>>>>

text \<open>The Laplace density is the exponential density of rate 1/b, symmetrised.\<close>
lemma nn_integral_laplace_density:
  assumes b: "0 < b"
  shows "(\<integral>\<^sup>+w. ennreal (laplace_density b w) \<partial>lborel) = 1"
proof -
  define e where "e = exponential_density (1 / b)"
  have e_total: "(\<integral>\<^sup>+w. ennreal (e w) \<partial>lborel) = 1"
    using prob_space.emeasure_space_1[OF prob_space_exponential_density[of "1 / b"]] b
    by (simp add: e_def emeasure_density)
  have e_reflect: "(\<integral>\<^sup>+w. ennreal (e (- w)) \<partial>lborel) = (\<integral>\<^sup>+w. ennreal (e w) \<partial>lborel)"
    by (subst nn_integral_real_affine[where c = "-1" and t = 0]) (auto simp: e_def)
  have AE: "AE w in lborel. ennreal (2 * laplace_density b w) = ennreal (e w) + ennreal (e (- w))"
    using AE_lborel_singleton[of 0]
    by eventually_elim (use b in \<open>auto simp: e_def exponential_density_def laplace_density_def\<close>)
  have "2 * (\<integral>\<^sup>+w. ennreal (laplace_density b w) \<partial>lborel)
      = (\<integral>\<^sup>+w. ennreal (2 * laplace_density b w) \<partial>lborel)"
    using b by (simp add: ennreal_mult laplace_density_pos less_imp_le nn_integral_cmult)
  also have "\<dots> = (\<integral>\<^sup>+w. ennreal (e w) + ennreal (e (- w)) \<partial>lborel)"
    using AE by (rule nn_integral_cong_AE)
  also have "\<dots> = (\<integral>\<^sup>+w. ennreal (e w) \<partial>lborel) + (\<integral>\<^sup>+w. ennreal (e (- w)) \<partial>lborel)"
    by (rule nn_integral_add) (auto simp: e_def)
  also have "\<dots> = 2 * 1" using e_total e_reflect by simp
  finally show ?thesis by (subst (asm) ennreal_mult_cancel_left) simp
qed

lemma prob_space_laplace: "0 < b \<Longrightarrow> prob_space (laplace b)"
  by (intro prob_spaceI) (simp add: laplace_eq_density emeasure_density nn_integral_laplace_density)

lemma emeasure_laplace_interval:
  "emeasure (laplace b) {a<..a+d} = (\<integral>\<^sup>+w. ennreal (laplace_density b w) * indicator {a<..a+d} w \<partial>lborel)"
  by (simp add: laplace_eq_density emeasure_density)

lemma measure_laplace_interval_le:
  assumes b: "0 < b" and d: "0 \<le> d" and C: "0 \<le> C"
    and bound: "\<And>w. w \<in> {a<..a+d} \<Longrightarrow> laplace_density b w \<le> C"
  shows "measure (laplace b) {a<..a+d} \<le> C * d"
proof -
  interpret prob_space "laplace b" using b by (rule prob_space_laplace)
  have "emeasure (laplace b) {a<..a+d} \<le> (\<integral>\<^sup>+w. ennreal C * indicator {a<..a+d} w \<partial>lborel)"
    unfolding emeasure_laplace_interval
    by (intro nn_integral_mono) (auto simp: bound ennreal_leI split: split_indicator)
  also have "\<dots> = ennreal (C * d)"
    using d C by (simp add: nn_integral_cmult_indicator ennreal_mult)
  finally show ?thesis using C d by (simp add: emeasure_eq_measure ennreal_le_iff)
qed

lemma measure_laplace_interval_ge:
  assumes b: "0 < b" and d: "0 \<le> d"
    and bound: "\<And>w. w \<in> {a<..a+d} \<Longrightarrow> C \<le> laplace_density b w"
  shows "C * d \<le> measure (laplace b) {a<..a+d}"
proof (cases "C \<le> 0")
  case True
  then show ?thesis using d by (simp add: mult_nonpos_nonneg order_trans[OF _ measure_nonneg])
next
  case False
  interpret prob_space "laplace b" using b by (rule prob_space_laplace)
  have "ennreal (C * d) = (\<integral>\<^sup>+w. ennreal C * indicator {a<..a+d} w \<partial>lborel)"
    using d False by (simp add: nn_integral_cmult_indicator ennreal_mult)
  also have "\<dots> \<le> emeasure (laplace b) {a<..a+d}"
    unfolding emeasure_laplace_interval
    by (intro nn_integral_mono) (auto simp: bound ennreal_leI split: split_indicator)
  finally show ?thesis by (simp add: emeasure_eq_measure)
qed

lemma laplace_density_shift_ge:
  assumes b: "0 < b" and uv: "\<bar>u - v\<bar> \<le> K"
  shows "laplace_density b u * exp (- K / b) \<le> laplace_density b v"
proof -
  have "exp (\<bar>u - v\<bar> / b) \<le> exp (K / b)"
    using uv b by (simp add: divide_right_mono)
  then have "laplace_density b u \<le> laplace_density b v * exp (K / b)"
    using laplace_density_ratio[OF b, of u v] laplace_density_pos[OF b, of v]
    by (meson mult_left_mono less_imp_le order_trans)
  from mult_right_mono[OF this, of "exp (- K / b)"] show ?thesis
    by (simp add: mult.assoc exp_minus_inverse)
qed

lemma measure_laplace_interval_pos:
  assumes b: "0 < b" and d: "0 < d"
  shows "0 < measure (laplace b) {a<..a+d}"
proof -
  have "laplace_density b a * exp (- d / b) * d \<le> measure (laplace b) {a<..a+d}"
    using d by (intro measure_laplace_interval_ge[OF b] laplace_density_shift_ge[OF b]) auto
  moreover have "0 < laplace_density b a * exp (- d / b) * d"
    using d laplace_density_pos[OF b] by simp
  ultimately show ?thesis by linarith
qed

lemma measure_laplace_interval_compare:
  assumes b: "0 < b" and d0: "0 < d0" and d1: "0 \<le> d1"
    and close: "\<And>u v. u \<in> {a1<..a1+d1} \<Longrightarrow> v \<in> {a0<..a0+d0} \<Longrightarrow> \<bar>u - v\<bar> \<le> K"
  shows "measure (laplace b) {a1<..a1+d1} \<le> d1 / d0 * exp (K / b) * measure (laplace b) {a0<..a0+d0}"
proof -
  define q0 where "q0 = measure (laplace b) {a0<..a0+d0}"
  have "laplace_density b u \<le> exp (K / b) * q0 / d0" if u: "u \<in> {a1<..a1+d1}" for u
  proof -
    have "laplace_density b u * exp (- K / b) * d0 \<le> q0"
      unfolding q0_def using d0
      by (intro measure_laplace_interval_ge[OF b] laplace_density_shift_ge[OF b] close[OF u]) auto
    then show ?thesis using d0 by (simp add: exp_minus field_simps)
  qed
  then have "measure (laplace b) {a1<..a1+d1} \<le> exp (K / b) * q0 / d0 * d1"
    using d0 d1 by (intro measure_laplace_interval_le[OF b]) (auto simp: q0_def)
  then show ?thesis by (simp add: q0_def field_simps)
qed

locale report_noisy_max =
  fixes b :: real and n i :: nat
  assumes scale_pos: "0 < b" and two_le_n: "2 \<le> n" and i_lt_n: "i < n"
begin

abbreviation "Noise \<equiv> PiM {..<n} (\<lambda>_. laplace b)"
abbreviation "rivals \<equiv> {..<n} - {i}"
abbreviation "Rival_noise \<equiv> PiM rivals (\<lambda>_. laplace b)"

sublocale Lap: prob_space "laplace b"
  using scale_pos by (rule prob_space_laplace)

sublocale Rivals: product_prob_space "\<lambda>_. laplace b" rivals
  by (auto simp: product_prob_space_def product_prob_space_axioms_def product_sigma_finite_def
      Lap.prob_space_axioms prob_space_imp_sigma_finite)

sublocale Noise: prob_space Noise
  by (rule prob_space_PiM) (rule Lap.prob_space_axioms)

lemma insert_rivals: "insert i rivals = {..<n}"
  using i_lt_n by auto

lemma rivals_nonempty: "rivals \<noteq> {}"
proof -
  have "(if i = 0 then 1 else 0) \<in> rivals" using two_le_n i_lt_n by auto
  then show ?thesis by blast
qed

definition win_event :: "(nat \<Rightarrow> real) \<Rightarrow> real \<Rightarrow> (nat \<Rightarrow> real) set" where
  "win_event c x = {W \<in> space Noise. \<forall>j<n. j \<noteq> i \<longrightarrow> c j + W j < x + W i}"

definition win_prob :: "(nat \<Rightarrow> real) \<Rightarrow> real \<Rightarrow> real" where
  "win_prob c x = measure Noise (win_event c x)"

definition rival_max :: "(nat \<Rightarrow> real) \<Rightarrow> (nat \<Rightarrow> real) \<Rightarrow> real" where
  "rival_max c w = Max ((\<lambda>j. c j + w j) ` rivals)"

lemma rival_max_less_iff: "rival_max c w < z \<longleftrightarrow> (\<forall>j<n. j \<noteq> i \<longrightarrow> c j + w j < z)"
  unfolding rival_max_def using rivals_nonempty by (subst Max_less_iff) auto

lemma rival_max_le:
  assumes "\<And>j. j < n \<Longrightarrow> j \<noteq> i \<Longrightarrow> c' j \<le> c j + \<delta>"
  shows "rival_max c' w \<le> rival_max c w + \<delta>"
proof -
  have "c' j + w j \<le> Max ((\<lambda>j. c j + w j) ` rivals) + \<delta>" if j: "j \<in> rivals" for j
  proof -
    have "c j + w j \<le> Max ((\<lambda>j. c j + w j) ` rivals)"
      using j by (intro Max_ge) auto
    moreover have "c' j \<le> c j + \<delta>" using assms j by auto
    ultimately show ?thesis by linarith
  qed
  then show ?thesis
    unfolding rival_max_def using rivals_nonempty by (subst Max_le_iff) auto
qed

lemma rival_max_close:
  assumes "\<And>j. j < n \<Longrightarrow> j \<noteq> i \<Longrightarrow> \<bar>c' j - c j\<bar> \<le> \<delta>"
  shows "\<bar>rival_max c' w - rival_max c w\<bar> \<le> \<delta>"
proof -
  have "rival_max c' w \<le> rival_max c w + \<delta>"
    by (rule rival_max_le) (use assms in \<open>force simp: abs_le_iff\<close>)
  moreover have "rival_max c w \<le> rival_max c' w + \<delta>"
    by (rule rival_max_le) (use assms in \<open>force simp: abs_le_iff\<close>)
  ultimately show ?thesis by (simp add: abs_le_iff)
qed

lemma measurable_noise_component:
  "j < n \<Longrightarrow> (\<lambda>W. W j) \<in> borel_measurable Noise"
  using measurable_component_singleton[of j "{..<n}" "\<lambda>_. laplace b"]
  by (simp add: measurable_cong_sets[OF refl sets_laplace])

lemma win_event_sets: "win_event c x \<in> sets Noise"
proof -
  have "{W \<in> space Noise. c j + W j < x + W i} \<in> sets Noise" if "j \<in> rivals" for j
  proof -
    have [measurable]: "(\<lambda>W. W j) \<in> borel_measurable Noise" "(\<lambda>W. W i) \<in> borel_measurable Noise"
      using that i_lt_n by (auto intro: measurable_noise_component)
    show ?thesis by measurable
  qed
  then have "{W \<in> space Noise. \<forall>j\<in>rivals. c j + W j < x + W i} \<in> sets Noise"
    by (intro sets.sets_Collect_finite_All) auto
  moreover have "win_event c x = {W \<in> space Noise. \<forall>j\<in>rivals. c j + W j < x + W i}"
    unfolding win_event_def by auto
  ultimately show ?thesis by simp
qed

lemma win_event_mono: "x \<le> x' \<Longrightarrow> win_event c x \<subseteq> win_event c x'"
  unfolding win_event_def by force

lemma fun_upd_mem_win_event_iff:
  assumes "w \<in> space Rival_noise"
  shows "w(i := y) \<in> win_event c z \<longleftrightarrow> rival_max c w < z + y"
proof -
  have "w(i := y) \<in> space Noise"
    using assms i_lt_n by (auto simp: space_PiM PiE_iff extensional_def)
  then show ?thesis
    unfolding win_event_def rival_max_less_iff by auto
qed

<<<<

Once you have found every line above holding the word "where", copy those lines.

  define e where "e = exponential_density (1 / b)"
    by (subst nn_integral_real_affine[where c = "-1" and t = 0]) (auto simp: e_def)
  define q0 where "q0 = measure (laplace b) {a0<..a0+d0}"
definition win_event :: "(nat \<Rightarrow> real) \<Rightarrow> real \<Rightarrow> (nat \<Rightarrow> real) set" where
definition win_prob :: "(nat \<Rightarrow> real) \<Rightarrow> real \<Rightarrow> real" where
definition rival_max :: "(nat \<Rightarrow> real) \<Rightarrow> (nat \<Rightarrow> real) \<Rightarrow> real" where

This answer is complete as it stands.